The newly created folder also has a file called SURVEY_fileinfo.pickle, which stores all the file locations and model setup parameters for evaluating the selection function. You can test the locations and print the values of all the parameters.

In [3]:
from seestar import surveyInfoPickler
fileinfo_path = os.path.join(path, 'Galaxia3_sf/Galaxia3_sf_fileinfo.pickle')
fileinfo = surveyInfoPickler.surveyInformation(fileinfo_path)

# Print values for the file locations
fileinfo.printValues()

Filename for spectroscopic catalogue:
     spectro_path: /home/andy/Documents/Research/SF/CodeDev/Notebooks/091118Tests/Galaxia3_sf/Galaxia3_sf_survey.csv
Filename for spectroscopic field pointings:
     field_path: /home/andy/Documents/Research/SF/CodeDev/Notebooks/091118Tests/Galaxia3_sf/Galaxia3_sf_fieldinfo.csv

Folder containing photometric samples in the spectroscopic field pointings:
     photo_path: /home/andy/Documents/Research/SF/CodeDev/Notebooks/091118Tests/Galaxia3_sf/photometric
Column headers and dtypes for spectroscopic files [ fieldID, Phi, Th, magA, magB, magC]
where magA-magB = Colour, magC = m (for selection limits):
     spectro_coords: ['fieldID', 'glon', 'glat', 'Japp', 'Kapp', 'Happ']
     spectro_dtypes: [<type 'numpy.float64'>, <type 'float'>, <type 'float'>, <type 'float'>, <type 'float'>, <type 'float'>]
Column headers for field pointing information [fieldID, Phi, Th, halfangle, Magmin, Magmax, Colmin, Colmax]:
     field_coords: ['fieldID', 'glon', 'glat', 

In [5]:
# Model for evaluating selection function
fileinfo.spectro_model = ('GMM', 10)
fileinfo.photo_model   = ('GMM', 10)

In [4]:
# Test and save
fileinfo.testFiles()
fileinfo.save()

1) Checking file paths exist:
OK

2) Checking spectroscopic catalogue file structure:
OK

3) Checking field information file structure:
(make sure halfangle is in units of radians.)
OK

4) Checking photometric catalogue file structure:
Checking 2.0.csv:
OK

5) Checking selection function pickle paths exist:
OK

6) Checking isochrone pickle files exist:
The premade interpolants (isochrone_interpolantinstances.pickle) will be automatically be used to calculate the selection function.


In [50]:
from seestar import FieldAssignment

fileinfo_path = os.path.join(fileinfo.survey_folder, "Galaxia3_sf_fileinfo.pickle")
# Galaxia 'photometric' files
files = [os.path.join(fileinfo.photo_path, "Galaxia_subset_"+str(n)+".csv") for n in xrange(1, 3)]
FA = FieldAssignment.FieldAssignment(fileinfo_path, files)
# ncores=1: SF will run the Serial version (not use multiprocessing)
# ncores>1: Parallel version on the number of cores given
# When running in parallel, the field counting can mess up a bit because the pools get disordered

# You can also specify memory= as an additional kwargs
# If memory given: its currently set up to use 5% of given memory
# If no memory kwarg given: It will use 5% of the memory available in the computer (not sure how this works on a cluser)

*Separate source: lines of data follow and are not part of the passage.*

(* For every sequence ${\mathbf s}$ in $\widehat{\mathcal S}$ we have $E_T({\mathbf s})=P({\mathbf s})(F_T({\mathbf s}))$. In particular ${\mathcal X}_T({\mathbf s})=P({\mathbf s})({\mathcal Y}_T({\mathbf s}))$.
   Context: $R$ irreducible reduced finite root system (positive roots $R^+$, simple roots $\Pi$, highest root $\gamma$); $\widehat X=X\oplus\mathbb Z$, $\delta=(0,-1)$, affine roots $\widehat R$. $\widehat{\mathcal W}$ generated by $s_{\alpha,n}(v,m)=(v-(\langle\alpha,v\rangle-mn)\alpha^\vee,m)$, acting contragrediently on $\widehat X$; $\widehat{\mathcal S}=\{s_{\alpha,0}:\alpha\in\Pi\}\cup\{s_{\gamma,1}\}$ with simple affine roots $\alpha$ resp. $-\gamma+\delta$. $T$: commutative unital domain, $2$ not a zero divisor, affine roots nonzero in $\widehat X\otimes T$; $S_T$ symmetric algebra of $\widehat X\otimes T$; $Q_T=S_T[2^{-1}][\alpha^{-1}:\alpha\in\widehat R]$. For ${\mathbf s}=(s_1,\dots,s_l)$: $I({\mathbf s})$ = strictly increasing tuples in $\{1,\dots,l\}$, $\operatorname{ev}(i_1,\dots,i_n)=s_{i_1}\cdots s_{i_n}$; ${\mathbf s}'=(s_1,\dots,s_{l-1})$, $I({\mathbf s})=I({\mathbf s}')\sqcup I({\mathbf s}')s_l$ ($\gamma s_l$ = $\gamma$ with $l$ appended); $\Delta(z)_\gamma=\Delta(z)_{\gamma s_l}=z_\gamma$ and $\Delta^-(z)_\gamma=z_\gamma$, $\Delta^-(z)_{\gamma s_l}=-z_\gamma$ (maps $\bigoplus_{I({\mathbf s}')}Q_T\to\bigoplus_{I({\mathbf s})}Q_T$); every element of $\bigoplus_{I({\mathbf s})}Q_T$ is uniquely $\Delta(x)+\Delta^-(y)$; for an endomorphism $f$ of $\bigoplus_{I({\mathbf s}')}Q_T$, $\Delta^f(\Delta(x)+\Delta^-(y))=\Delta(f(x))+\Delta^-(f(y))$. $c^\lambda$ multiplies the $\sigma$-component by $\operatorname{ev}(\sigma)(\lambda)\otimes1$; $\alpha_l$ = simple affine root of $s_l$. Recursively: ${\mathcal X}_T(\emptyset)=S_T$, ${\mathcal X}_T({\mathbf s})=\Delta({\mathcal X}_T({\mathbf s}'))+c^{\alpha_l}\Delta({\mathcal X}_T({\mathbf s}'))$; ${\mathcal Y}_T(\emptyset)=S_T\subset Q_T$, ${\mathcal Y}_T({\mathbf s})=\Delta({\mathcal Y}_T({\mathbf s}'))+(c^{\alpha_l})^{-1}\Delta({\mathcal Y}_T({\mathbf s}'))$; $E_T(\emptyset)=F_T(\emptyset)=\{1\}$, $E_T({\mathbf s})=\Delta(E_T({\mathbf s}'))\cup c^{\alpha_l}\Delta(E_T({\mathbf s}'))$, $F_T({\mathbf s})=\Delta(F_T({\mathbf s}'))\cup(c^{\alpha_l})^{-1}\Delta(F_T({\mathbf s}'))$ (these are $S_T$-bases of ${\mathcal X}_T({\mathbf s})$, ${\mathcal Y}_T({\mathbf s})$); $P(\emptyset)=\operatorname{id}_{Q_T}$, $P({\mathbf s})=c^{\alpha_l}\circ\Delta^{P({\mathbf s}')}$, an endomorphism of $\bigoplus_{I({\mathbf s})}Q_T$. *)

theory Defs
  imports Complex_Main "HOL-Library.Poly_Mapping" "HOL-Library.Option_ord"
    "HOL-Computational_Algebra.Fraction_Field"
begin

section \<open>Root datum: X = Z^'i, dual lattice X^v = Z^'i, standard pairing\<close>

definition pair :: "('i::finite \<Rightarrow> int) \<Rightarrow> ('i \<Rightarrow> int) \<Rightarrow> int" where
  "pair lam v = (\<Sum>i\<in>UNIV. lam i * v i)"

text \<open>reflection s_alpha on X and s_{alpha^v} on X^v; cor = alpha |-> alpha^v\<close>
definition reflX :: "(('i::finite \<Rightarrow> int) \<Rightarrow> ('i \<Rightarrow> int)) \<Rightarrow> ('i \<Rightarrow> int) \<Rightarrow> ('i \<Rightarrow> int) \<Rightarrow> ('i \<Rightarrow> int)" where
  "reflX cor a lam = (\<lambda>i. lam i - pair lam (cor a) * a i)"

definition reflXv :: "(('i::finite \<Rightarrow> int) \<Rightarrow> ('i \<Rightarrow> int)) \<Rightarrow> ('i \<Rightarrow> int) \<Rightarrow> ('i \<Rightarrow> int) \<Rightarrow> ('i \<Rightarrow> int)" where
  "reflXv cor a v = (\<lambda>i. v i - pair a v * cor a i)"

definition irreducible_reduced_root_datum ::
  "('i::finite \<Rightarrow> int) set \<Rightarrow> (('i \<Rightarrow> int) \<Rightarrow> ('i \<Rightarrow> int)) \<Rightarrow> bool" where
  "irreducible_reduced_root_datum R cor \<longleftrightarrow>
     finite R \<and> R \<noteq> {} \<and> (\<lambda>_. 0) \<notin> R \<and> inj_on cor R \<and>
     (\<forall>a\<in>R. pair a (cor a) = 2) \<and>
     (\<forall>a\<in>R. \<forall>b\<in>R. reflX cor a b \<in> R) \<and>
     (\<forall>a\<in>R. \<forall>b\<in>R. cor (reflX cor a b) = reflXv cor a (cor b)) \<and>
     \<comment> \<open>reduced\<close>
     (\<forall>a\<in>R. \<forall>b\<in>R. (\<exists>c::rat. \<forall>i. of_int (b i) = c * of_int (a i)) \<longrightarrow> b = a \<or> b = (\<lambda>i. - a i)) \<and>
     \<comment> \<open>irreducible\<close>
     \<not> (\<exists>A B. A \<union> B = R \<and> A \<inter> B = {} \<and> A \<noteq> {} \<and> B \<noteq> {} \<and>
            (\<forall>a\<in>A. \<forall>b\<in>B. pair a (cor b) = 0))"

definition nonneg_comb :: "('i::finite \<Rightarrow> int) set \<Rightarrow> ('i \<Rightarrow> int) \<Rightarrow> bool" where
  "nonneg_comb Pi v \<longleftrightarrow> (\<exists>c. (\<forall>a\<in>Pi. c a \<ge> (0::int)) \<and> v = (\<lambda>i. \<Sum>a\<in>Pi. c a * a i))"

definition is_base :: "('i::finite \<Rightarrow> int) set \<Rightarrow> ('i \<Rightarrow> int) set \<Rightarrow> bool" where
  "is_base R Pi \<longleftrightarrow> Pi \<subseteq> R \<and>
     (\<forall>c::('i \<Rightarrow> int) \<Rightarrow> int. (\<lambda>i. \<Sum>a\<in>Pi. c a * a i) = (\<lambda>_. 0) \<longrightarrow> (\<forall>a\<in>Pi. c a = 0)) \<and>
     (\<forall>b\<in>R. nonneg_comb Pi b \<or> nonneg_comb Pi (\<lambda>i. - b i))"

definition pos_roots :: "('i::finite \<Rightarrow> int) set \<Rightarrow> ('i \<Rightarrow> int) set \<Rightarrow> ('i \<Rightarrow> int) set" where
  "pos_roots R Pi = {b\<in>R. nonneg_comb Pi b}"

definition highest_root :: "('i::finite \<Rightarrow> int) set \<Rightarrow> ('i \<Rightarrow> int) set \<Rightarrow> ('i \<Rightarrow> int) \<Rightarrow> bool" where
  "highest_root R Pi g \<longleftrightarrow> g \<in> pos_roots R Pi \<and> (\<forall>b\<in>R. nonneg_comb Pi (\<lambda>i. g i - b i))"

section \<open>Affine data. X-hat = X x Z, delta = (0,-1)\<close>

text \<open>affine roots alpha + k delta, alpha in R, k in Z\<close>
definition affine_roots :: "('i::finite \<Rightarrow> int) set \<Rightarrow> (('i \<Rightarrow> int) \<times> int) set" where
  "affine_roots R = {(a, k) | a k. a \<in> R}"

text \<open>The reflection s_{alpha,n} is encoded by the pair (alpha, n).
  Its contragredient action on X-hat (w.r.t. the pairing <(lam,k),(v,m)> = <lam,v> - k m).\<close>
definition act :: "(('i::finite \<Rightarrow> int) \<Rightarrow> ('i \<Rightarrow> int)) \<Rightarrow> (('i \<Rightarrow> int) \<times> int)
    \<Rightarrow> (('i \<Rightarrow> int) \<times> int) \<Rightarrow> (('i \<Rightarrow> int) \<times> int)" where
  "act cor s x = (let a = fst s; n = snd s; lam = fst x; k = snd x; p = pair lam (cor a)
                  in ((\<lambda>i. lam i - p * a i), k - n * p))"

definition Shat :: "('i::finite \<Rightarrow> int) set \<Rightarrow> ('i \<Rightarrow> int) \<Rightarrow> (('i \<Rightarrow> int) \<times> int) set" where
  "Shat Pi g = {(a, 0) | a. a \<in> Pi} \<union> {(g, 1)}"

text \<open>simple affine root of a generator: alpha for s_{alpha,0}, -gamma+delta = (-gamma,-1) for s_{gamma,1}\<close>
definition sroot :: "('i::finite \<Rightarrow> int) \<Rightarrow> (('i \<Rightarrow> int) \<times> int) \<Rightarrow> (('i \<Rightarrow> int) \<times> int)" where
  "sroot g s = (if s = (g, 1) then ((\<lambda>i. - g i), -1) else (fst s, 0))"

text \<open>ev(i_1,...,i_n) = s_{i_1} ... s_{i_n}, acting on X-hat (indices 1-based)\<close>
definition ev :: "(('i::finite \<Rightarrow> int) \<Rightarrow> ('i \<Rightarrow> int)) \<Rightarrow> (('i \<Rightarrow> int) \<times> int) list \<Rightarrow> nat list
    \<Rightarrow> (('i \<Rightarrow> int) \<times> int) \<Rightarrow> (('i \<Rightarrow> int) \<times> int)" where
  "ev cor s sig x = foldr (\<lambda>j y. act cor (s ! (j - 1)) y) sig x"

section \<open>S_T = Sym(X-hat (x) T) = T[x_j : j in 'i option], Q_T inside its fraction field\<close>

type_synonym ('i, 'T) ST = "('i option \<Rightarrow>\<^sub>0 nat) \<Rightarrow>\<^sub>0 'T"

definition var :: "'i option \<Rightarrow> ('i, 'T::comm_ring_1) ST" where
  "var j = Poly_Mapping.single (Poly_Mapping.single j 1) 1"

text \<open>lam (x) 1 in S_T, for lam in X-hat (basis e_i of X indexed by Some i, and (0,1) by None)\<close>
definition iota :: "(('i::finite \<Rightarrow> int) \<times> int) \<Rightarrow> ('i, 'T::comm_ring_1) ST" where
  "iota x = (\<Sum>i\<in>UNIV. of_int (fst x i) * var (Some i)) + of_int (snd x) * var None"

definition emb :: "('i::{finite,linorder}, 'T::idom) ST \<Rightarrow> ('i, 'T) ST fract" where
  "emb p = Fract p 1"

text \<open>Elements of the direct sum over I(s) are functions on index tuples (nat lists), zero outside I(s)\<close>
type_synonym ('i, 'T) vec = "nat list \<Rightarrow> ('i, 'T) ST fract"

definition Iset :: "nat \<Rightarrow> nat list set" where
  "Iset l = {sig. sorted_wrt (<) sig \<and> set sig \<subseteq> {1..l}}"

definition supp_in :: "nat list set \<Rightarrow> ('i::{finite,linorder}, 'T::idom) vec \<Rightarrow> bool" where
  "supp_in I z \<longleftrightarrow> (\<forall>sig. sig \<notin> I \<longrightarrow> z sig = 0)"

text \<open>Delta, Delta^- : sum over I(s') --> sum over I(s), where l = length s\<close>
definition Delta :: "nat \<Rightarrow> ('i::{finite,linorder}, 'T::idom) vec \<Rightarrow> ('i, 'T) vec" where
  "Delta l z sig = (if sig \<in> Iset (l - 1) then z sig
      else if sig \<noteq> [] \<and> last sig = l \<and> butlast sig \<in> Iset (l - 1) then z (butlast sig) else 0)"

definition Deltam :: "nat \<Rightarrow> ('i::{finite,linorder}, 'T::idom) vec \<Rightarrow> ('i, 'T) vec" where
  "Deltam l z sig = (if sig \<in> Iset (l - 1) then z sig
      else if sig \<noteq> [] \<and> last sig = l \<and> butlast sig \<in> Iset (l - 1) then - z (butlast sig) else 0)"

definition Deltaf :: "nat \<Rightarrow> (('i::{finite,linorder}, 'T::idom) vec \<Rightarrow> ('i, 'T) vec) \<Rightarrow> ('i, 'T) vec \<Rightarrow> ('i, 'T) vec" where
  "Deltaf l f z = (THE w. \<exists>x y. supp_in (Iset (l - 1)) x \<and> supp_in (Iset (l - 1)) y \<and>
        z = (\<lambda>sig. Delta l x sig + Deltam l y sig) \<and> w = (\<lambda>sig. Delta l (f x) sig + Deltam l (f y) sig))"

definition cmul :: "(('i::{finite,linorder} \<Rightarrow> int) \<Rightarrow> ('i \<Rightarrow> int)) \<Rightarrow> (('i \<Rightarrow> int) \<times> int) list
    \<Rightarrow> (('i \<Rightarrow> int) \<times> int) \<Rightarrow> ('i, 'T::idom) vec \<Rightarrow> ('i, 'T) vec" where
  "cmul cor s lam z sig = emb (iota (ev cor s sig lam)) * z sig"

definition cinv :: "(('i::{finite,linorder} \<Rightarrow> int) \<Rightarrow> ('i \<Rightarrow> int)) \<Rightarrow> (('i \<Rightarrow> int) \<times> int) list
    \<Rightarrow> (('i \<Rightarrow> int) \<times> int) \<Rightarrow> ('i, 'T::idom) vec \<Rightarrow> ('i, 'T) vec" where
  "cinv cor s lam z sig = inverse (emb (iota (ev cor s sig lam))) * z sig"

text \<open>The recursions are over the sequence s = (s_1,...,s_l); we recurse on rev s,
  so that the head of the reversed list is s_l and its tail is rev s'.\<close>

definition unitvec :: "('i::{finite,linorder}, 'T::idom) ST fract \<Rightarrow> ('i, 'T) vec" where
  "unitvec q = (\<lambda>sig. if sig = [] then q else 0)"

primrec Prev :: "('i::{finite,linorder} \<Rightarrow> int) \<Rightarrow> (('i \<Rightarrow> int) \<Rightarrow> ('i \<Rightarrow> int))
    \<Rightarrow> (('i \<Rightarrow> int) \<times> int) list \<Rightarrow> ('i, 'T::idom) vec \<Rightarrow> ('i, 'T) vec" where
  "Prev g cor [] = id"
| "Prev g cor (t # rs) = cmul cor (rev (t # rs)) (sroot g t) \<circ> Deltaf (Suc (length rs)) (Prev g cor rs)"

definition P :: "('i::{finite,linorder} \<Rightarrow> int) \<Rightarrow> (('i \<Rightarrow> int) \<Rightarrow> ('i \<Rightarrow> int))
    \<Rightarrow> (('i \<Rightarrow> int) \<times> int) list \<Rightarrow> ('i, 'T::idom) vec \<Rightarrow> ('i, 'T) vec" where
  "P g cor s = Prev g cor (rev s)"

primrec Erev :: "('i::{finite,linorder} \<Rightarrow> int) \<Rightarrow> (('i \<Rightarrow> int) \<Rightarrow> ('i \<Rightarrow> int))
    \<Rightarrow> (('i \<Rightarrow> int) \<times> int) list \<Rightarrow> ('i, 'T::idom) vec set" where
  "Erev g cor [] = {unitvec 1}"
| "Erev g cor (t # rs) = Delta (Suc (length rs)) ` Erev g cor rs
     \<union> (cmul cor (rev (t # rs)) (sroot g t) \<circ> Delta (Suc (length rs))) ` Erev g cor rs"

primrec Frev :: "('i::{finite,linorder} \<Rightarrow> int) \<Rightarrow> (('i \<Rightarrow> int) \<Rightarrow> ('i \<Rightarrow> int))
    \<Rightarrow> (('i \<Rightarrow> int) \<times> int) list \<Rightarrow> ('i, 'T::idom) vec set" where
  "Frev g cor [] = {unitvec 1}"
| "Frev g cor (t # rs) = Delta (Suc (length rs)) ` Frev g cor rs
     \<union> (cinv cor (rev (t # rs)) (sroot g t) \<circ> Delta (Suc (length rs))) ` Frev g cor rs"

primrec Xrev :: "('i::{finite,linorder} \<Rightarrow> int) \<Rightarrow> (('i \<Rightarrow> int) \<Rightarrow> ('i \<Rightarrow> int))
    \<Rightarrow> (('i \<Rightarrow> int) \<times> int) list \<Rightarrow> ('i, 'T::idom) vec set" where
  "Xrev g cor [] = {unitvec (emb p) | p. True}"
| "Xrev g cor (t # rs) = {(\<lambda>sig. Delta (Suc (length rs)) x sig
       + cmul cor (rev (t # rs)) (sroot g t) (Delta (Suc (length rs)) y) sig) | x y.
       x \<in> Xrev g cor rs \<and> y \<in> Xrev g cor rs}"

primrec Yrev :: "('i::{finite,linorder} \<Rightarrow> int) \<Rightarrow> (('i \<Rightarrow> int) \<Rightarrow> ('i \<Rightarrow> int))
    \<Rightarrow> (('i \<Rightarrow> int) \<times> int) list \<Rightarrow> ('i, 'T::idom) vec set" where
  "Yrev g cor [] = {unitvec (emb p) | p. True}"
| "Yrev g cor (t # rs) = {(\<lambda>sig. Delta (Suc (length rs)) x sig
       + cinv cor (rev (t # rs)) (sroot g t) (Delta (Suc (length rs)) y) sig) | x y.
       x \<in> Yrev g cor rs \<and> y \<in> Yrev g cor rs}"
(* Let $n\ge1$ and let $\mathcal A,\mathcal S$ be subsets of $\{E_{ij}:1\le i,j\le n\}$, with associated digraphs $\mathcal G_{\mathcal A}$, $\mathcal G_{\mathcal S}$ on $\{1,\dots,n\}$ (arc $(i,j)$ iff $E_{ij}$ belongs to the set; arcs $(i,i)$ are self-loops). Suppose (i) each weakly connected component of $\mathcal G_{\mathcal S}$ is strongly connected with at least two nodes; (ii) the union digraph $\mathcal G_{\mathcal A}\cup\mathcal G_{\mathcal S}$ is strongly connected and has at least one self-loop. Then there exists $A\in\Sigma_{\rm r}(\mathcal A)$ such that the real Lie algebra generated by $\{A\}\cup\mathcal S$ equals $\mathfrak{gl}(n)$.
   Context: $E_{ij}$ is the $n\times n$ matrix unit; $\mathfrak{gl}(n)$ is the Lie algebra of real $n\times n$ matrices with commutator bracket. For $\mathcal A=\{g_1,\dots,g_k\}$, $\Sigma_{\rm r}(\mathcal A)=\{\sum_s l_sg_s: l_s\in\mathbb R,\ l_s\ne0\text{ for all }s\}$. Weakly connected component: connected component ignoring arc directions; strongly connected: all nodes mutually reachable via directed paths. *)

theory Defs
  imports "HOL-Analysis.Analysis"
begin

text \<open>Matrices in gl(n) are real n x n matrices, with n = CARD('n) for a finite index type 'n.\<close>

definition mat_unit :: "'n::finite \<Rightarrow> 'n \<Rightarrow> real^'n^'n" where
  "mat_unit i j = (\<chi> k l. if k = i \<and> l = j then 1 else 0)"

definition lie_bracket :: "real^'n::finite^'n \<Rightarrow> real^'n^'n \<Rightarrow> real^'n^'n" where
  "lie_bracket X Y = X ** Y - Y ** X"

Checking photometric catalogue file structure:
Checking /home/andy/Documents/Research/SF/CodeDev/Notebooks/091118Tests/Galaxia3_sf/photometric/Galaxia_subset_1.csv:
File OK

Counting total number of stars..done
Total number of stars 2652527.
Importing 2417400 stars at a time. Iterating 1290982 stars at a time.
Field file path for field 1.0: /home/andy/Documents/Research/SF/CodeDev/Notebooks/091118Tests/Galaxia3_sf/photometric/1.0.csv
Clearing field files...
...done

File: Galaxia_subset_1.csv  Complete: 1500000/2652527(56.55%)  Time: 0.5m  Projected: 0h0m...Saving: 3/3       /1152525        
Total stars assigned to fields: 2022647.
Dictionary of stars per field in fileinfo.photo_field_starcount.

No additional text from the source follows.